Спрашивать в лоб у старшего поэта, не подобрал ли кто в прошлый раз мой роман и не интересовался ли кто моим формуляром, я посчитал откровенно вульгарным. Но вместо этого вдруг выдал господам поэтам речь о романе как ритуале.

Жизнь не игра, — утверждал я, — а «великая охота». И предлагал вспомнить, каким образом охотились на мамонтов наши давние предки. Сначала охотники постились, то есть сосредотачивались, концентрировались духовно, затем приступали к непременному ритуалу. Ритуал состоял в том, — пояснял я, — что определённым образом символически обозначался мамонт, и охотники, впадая в транс, начинали священную пляску вокруг этого псевдомамонта, чтобы в конечном итоге его поразить. Только после подобного ритуала, если не поступало дурных знаков, охотники шли со своими каменными топорами и копьями на настоящих мамонтов и без особых проблем убивали реально. Однако если имелись дурные знаки, даже угроза голодной смерти не могла заставить охотников взяться за копья. Что всё это означало? — спрашивал я. И отвечал: гармоничное отношение к миру, всеединство. Ведь охотники, прежде чем убивать, имитировали убийство, обращаясь к миру с вопросом: «Смотри, вот что мы хотим сделать. Согласен ли ты?

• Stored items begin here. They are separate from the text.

definition is_struc :: "('f \<Rightarrow> nat) \<Rightarrow> ('a,'f,'r) struc \<Rightarrow> bool" where
  "is_struc arF M \<longleftrightarrow> carr M \<noteq> {} \<and>
     (\<forall>f xs. length xs = arF f \<and> set xs \<subseteq> carr M \<longrightarrow> fint M f xs \<in> carr M)"

fun evl :: "('a,'f,'r) struc \<Rightarrow> ('v \<Rightarrow> 'a) \<Rightarrow> ('f,'v) trm \<Rightarrow> 'a" where
  "evl M e (Var v) = e v"
| "evl M e (Fn f ts) = fint M f (map (evl M e) ts)"

fun sat :: "('a,'f,'r) struc \<Rightarrow> ('v \<Rightarrow> 'a) \<Rightarrow> ('f,'r,'v) fm \<Rightarrow> bool" where
  "sat M e FBot = False"
| "sat M e (FEq s t) = (evl M e s = evl M e t)"
| "sat M e (FRel r ts) = rint M r (map (evl M e) ts)"
| "sat M e (FNeg \<phi>) = (\<not> sat M e \<phi>)"
| "sat M e (FConj \<phi> \<psi>) = (sat M e \<phi> \<and> sat M e \<psi>)"
| "sat M e (FEx v \<phi>) = (\<exists>x\<in>carr M. sat M (e(v := x)) \<phi>)"

text \<open>Models considered have carriers inside nat: by downward Loewenheim--Skolem (countable
  language) this loses nothing for consistency/completeness, and every countable model
  is isomorphic to one with carrier contained in nat.\<close>

definition is_model :: "('f \<Rightarrow> nat) \<Rightarrow> ('a,'f,'r) struc \<Rightarrow> ('f,'r,nat) fm set \<Rightarrow> bool" where
  "is_model arF M T \<longleftrightarrow> is_struc arF M \<and>
     (\<forall>\<sigma>\<in>T. \<forall>e. range e \<subseteq> carr M \<longrightarrow> sat M e \<sigma>)"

Есть ли мамонты, готовые умереть для нас?» Добрый знак означал, что мир согласен, и готовые умереть мамонты есть. Дурной знак выражал несогласие и неготовность. Так всё происходило, — возбуждал я сам себя, — и оставалось только после удачной охоты не забыть о благодарственной жертве для мира, ведь человек жил отнюдь не ради себя, но во всеединстве, и помнил об этом. А теперь, — продолжал я, — возьмём романиста. Его реальная жизнь фактически та же охота. А его роман — ритуал, запрос к миру. Он как бы вопрошает: «Мир, видишь, каким я хотел бы видеть тебя? Готов ли ты тронуться мне навстречу?» Если запрос искренен, остаётся ждать знаков. И не забыть о благодарственной жертве.

Так я говорил. И мне казалось, они все разинули рты, даже старший поэт обнажил обкуренные зубы. Но и мой рот оставался открытым по завершении речи. «Знаки, положим, хорошие, — соображал я. — Но неужели жена должна стать благодарственной жертвой? Нет! Нет!»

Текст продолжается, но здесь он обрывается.